Did you neglect to mention that Jones is either drunk or retarded?
I have never advocated being fast and loose with "the market's money," let alone a suggestion that open profit risk is "zero."
Keep beating up that straw man -- you're really giving him quite a pounding.
Quote from Ghost of Cutten:
Jones and Smith have identical capital. They have identical trade odds. They have identical risk tolerance when opening a position. How then can Jones justify risking 30%, when if he was fresh back from holiday and seeing the EXACT SAME SETUP, he would only risk 3? How can he justify risking 10 times as much? How can he claim a risk of 30% loss is actually a ZERO RISK position?
I still have no idea where the fuck that 30% came from. And I have even less idea why you are shouting about ZERO RISK, when such was never even close to insinuated by me.
The idea behind pyramiding is an implied odds expectation bet. You pyramid when you feel your expectation on doing so is positive. There is no illusion as to whether it is "the house's money" --- "the house's money" does not enter into it.
The only thing you might be justified in latching onto here, is the decision not to take pyramid risk beyond breakeven on a substantially profitable trade.
But there are logical reasons for picking breakeven as a threshold, in the absence of compelling reasons to pick some other threshold larger or smaller.
And even so, such has NOTHING to do with the illusion of "zero risk" or "the house's money" or any of this other stuff you seem so aggressively on about.
Quote from Ghost of Cutten:
The answer is of course that he can't. If you don't believe me, we can make an even easier reductio ad absurdum. Instead of making it 30% risk of open profit, let's make it 99% risk. Imagine Jones had punted his entire life savings on AAPL at $7 back in 2001. Now he is up almost 900 fold. Smith asks where his stop is. Jones says "at break-even"! Is this anything other than total insanity? According to your theory, Jones is taking not just a sane risk, he is taking NO risk. He could lose 99% of his net worth but according to you he didn't lose a dime.
Sorry but this is nonsense. Losses are losses, there is no difference between dropping 1 million of open profit, and 1 million of realised profit.
Well, you are right about the nonsense part.
I never said a damn thing about "the house's money" or "zero risk" in respect to pyramiding profits -- you completely and wholly assumed a straw-man meaning out of whole cloth.
If a trader chooses to pyramid the accumulated profits of a trade, he does so as a steward of capital pursuing a worthy opportunity, not as Homer Simpson running around Duff Brewery.
There are logical reasons for limiting the size of the pyramid to accumulated profits within the trade, though frequently the pyramid will be smaller (still leaving profits if new risk point is hit), and on exceptional occasions it can be larger. The pyramiding I gave was a generalized example, not an edict from Moses.
Your whole Smith / Jones example left me quite surprised.

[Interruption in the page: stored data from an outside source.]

lemma reachable_sym: "reachable X a b \<Longrightarrow> reachable X b a"
  unfolding reachable_def
proof (induction rule: rtranclp_induct)
  case (step y z)
  then have "{z, y} \<in> X" by (simp add: insert_commute)
  then show ?case using step.IH by (rule converse_rtranclp_into_rtranclp)
qed simp

lemma reachable_mono: "reachable X a b \<Longrightarrow> X \<subseteq> Y \<Longrightarrow> reachable Y a b"
  unfolding reachable_def
  by (induction rule: rtranclp_induct) (auto intro: rtranclp.rtrancl_into_rtrancl)

lemma reachable_induct [consumes 1, case_names base step]:
  assumes "reachable X a b" "P a"
    and "\<And>y z. reachable X a y \<Longrightarrow> {y, z} \<in> X \<Longrightarrow> P y \<Longrightarrow> P z"
  shows "P b"
  using assms(1) unfolding reachable_def
  by (induction rule: rtranclp_induct) (auto intro: assms(2,3) simp: reachable_def)

lemma reachable_closed:
  assumes "reachable X a b" "a \<in> S" "\<And>y z. {y, z} \<in> X \<Longrightarrow> y \<in> S \<Longrightarrow> z \<in> S"
  shows "b \<in> S"
  using assms(1) by (induction rule: reachable_induct) (use assms(2,3) in auto)

lemma reachable_empty: "reachable {} a b \<Longrightarrow> a = b"
  by (induction rule: reachable_induct) auto

lemma reachable_avoid:
  assumes "reachable X a c" "\<And>z. reachable X a z \<Longrightarrow> z \<notin> e"
  shows "reachable (X - {e}) a c"
  using assms(1)
proof (induction rule: reachable_induct)
  case (step y z)
  then have "{y, z} \<in> X - {e}" using assms(2) by auto
  then show ?case using step(3) reachable_trans reachable_edge by metis
qed simp

lemma reachable_insert:
  assumes "reachable (insert {p, q} X) a b"
  shows "reachable X a b \<or> (reachable X a p \<and> reachable X q b) \<or> (reachable X a q \<and> reachable X p b)"
  using assms
proof (induction rule: reachable_induct)
  case (step y z)
  show ?case
  proof (cases "{y, z} = {p, q}")
    case True
    then have "(y = p \<and> z = q) \<or> (y = q \<and> z = p)" by (auto simp: doubleton_eq_iff)
    then show ?thesis using step(3) by (meson reachable_refl reachable_trans)
  next
    case False
    then have "{y, z} \<in> X" using step(2) by auto
    then show ?thesis using step(3) by (meson reachable_edge reachable_trans)
  qed
qed simp

lemma walk_segment_relpowp:
  assumes "\<And>k. i \<le> k \<Longrightarrow> k < j \<Longrightarrow> R (f k) (f (Suc k))" "i \<le> j"
  shows "(R ^^ (j - i)) (f i) (f j)"
proof -
  have "\<exists>g. g 0 = f i \<and> g (j - i) = f j \<and> (\<forall>k<j - i. R (g k) (g (Suc k)))"
    by (rule exI[of _ "\<lambda>k. f (i + k)"]) (use assms in auto)
  then show ?thesis by (simp add: relpowp_fun_conv)
qed

lemma shortest_walk:
  assumes "R\<^sup>*\<^sup>* x y"
  obtains n f where "f 0 = x" "f n = y" "\<forall>i<n. R (f i) (f (Suc i))"
    and "\<And>i j. i < j \<Longrightarrow> j \<le> n \<Longrightarrow> f i \<noteq> f j"
    and "\<And>i j. Suc i < j \<Longrightarrow> j \<le> n \<Longrightarrow> \<not> R (f i) (f j)"
proof -
  define n where "n = (LEAST n. (R ^^ n) x y)"
  have "\<exists>n. (R ^^ n) x y" using assms by (simp add: rtranclp_power)
  then have "(R ^^ n) x y" unfolding n_def by (rule LeastI_ex)
  then obtain f where f: "f 0 = x" "f n = y" "\<forall>i<n. R (f i) (f (Suc i))"
    by (auto simp: relpowp_fun_conv)
  have minimal: "\<not> (R ^^ m) x y" if "m < n" for m
    using not_less_Least[of m "\<lambda>n. (R ^^ n) x y"] that unfolding n_def by blast
  have shortcut: "(R ^^ (i + k + (n - j))) x y" if "(R ^^ k) (f i) (f j)" "i \<le> j" "j \<le> n" for i j k
  proof -
    have "(R ^^ i) x (f i)" using walk_segment_relpowp[of 0 i R f] f that by simp
    moreover have "(R ^^ (n - j)) (f j) y" using walk_segment_relpowp[of j n R f] f that by simp
    ultimately show ?thesis using that(1) by (auto simp: relpowp_add)
  qed
  show thesis
  proof (rule that[OF f])
    show "f i \<noteq> f j" if ij: "i < j" "j \<le> n" for i j
    proof
      assume "f i = f j"
      then have "(R ^^ (i + 0 + (n - j))) x y" by (intro shortcut) (use ij in auto)
      then show False using minimal ij by simp
    qed
    show "\<not> R (f i) (f j)" if ij: "Suc i < j" "j \<le> n" for i j
    proof
      assume "R (f i) (f j)"
      then have "(R ^^ (i + 1 + (n - j))) x y" by (intro shortcut) (use ij in auto)
      moreover have "i + 1 + (n - j) < n" using ij by simp
      ultimately show False using minimal by blast
    qed
  qed
qed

The egregious errors you made -- in respect to non-existent assumptions (did Jones somehow communicate via telepathy that he planned to risk 30%?) and the absolutely silly "zero risk" idea -- makes me wonder. I mean seriously, on what fucking planet would a competent trader embrace the assumptions your straw man did?
Wait, hold on, don't answer that... let's just drop this whole thing.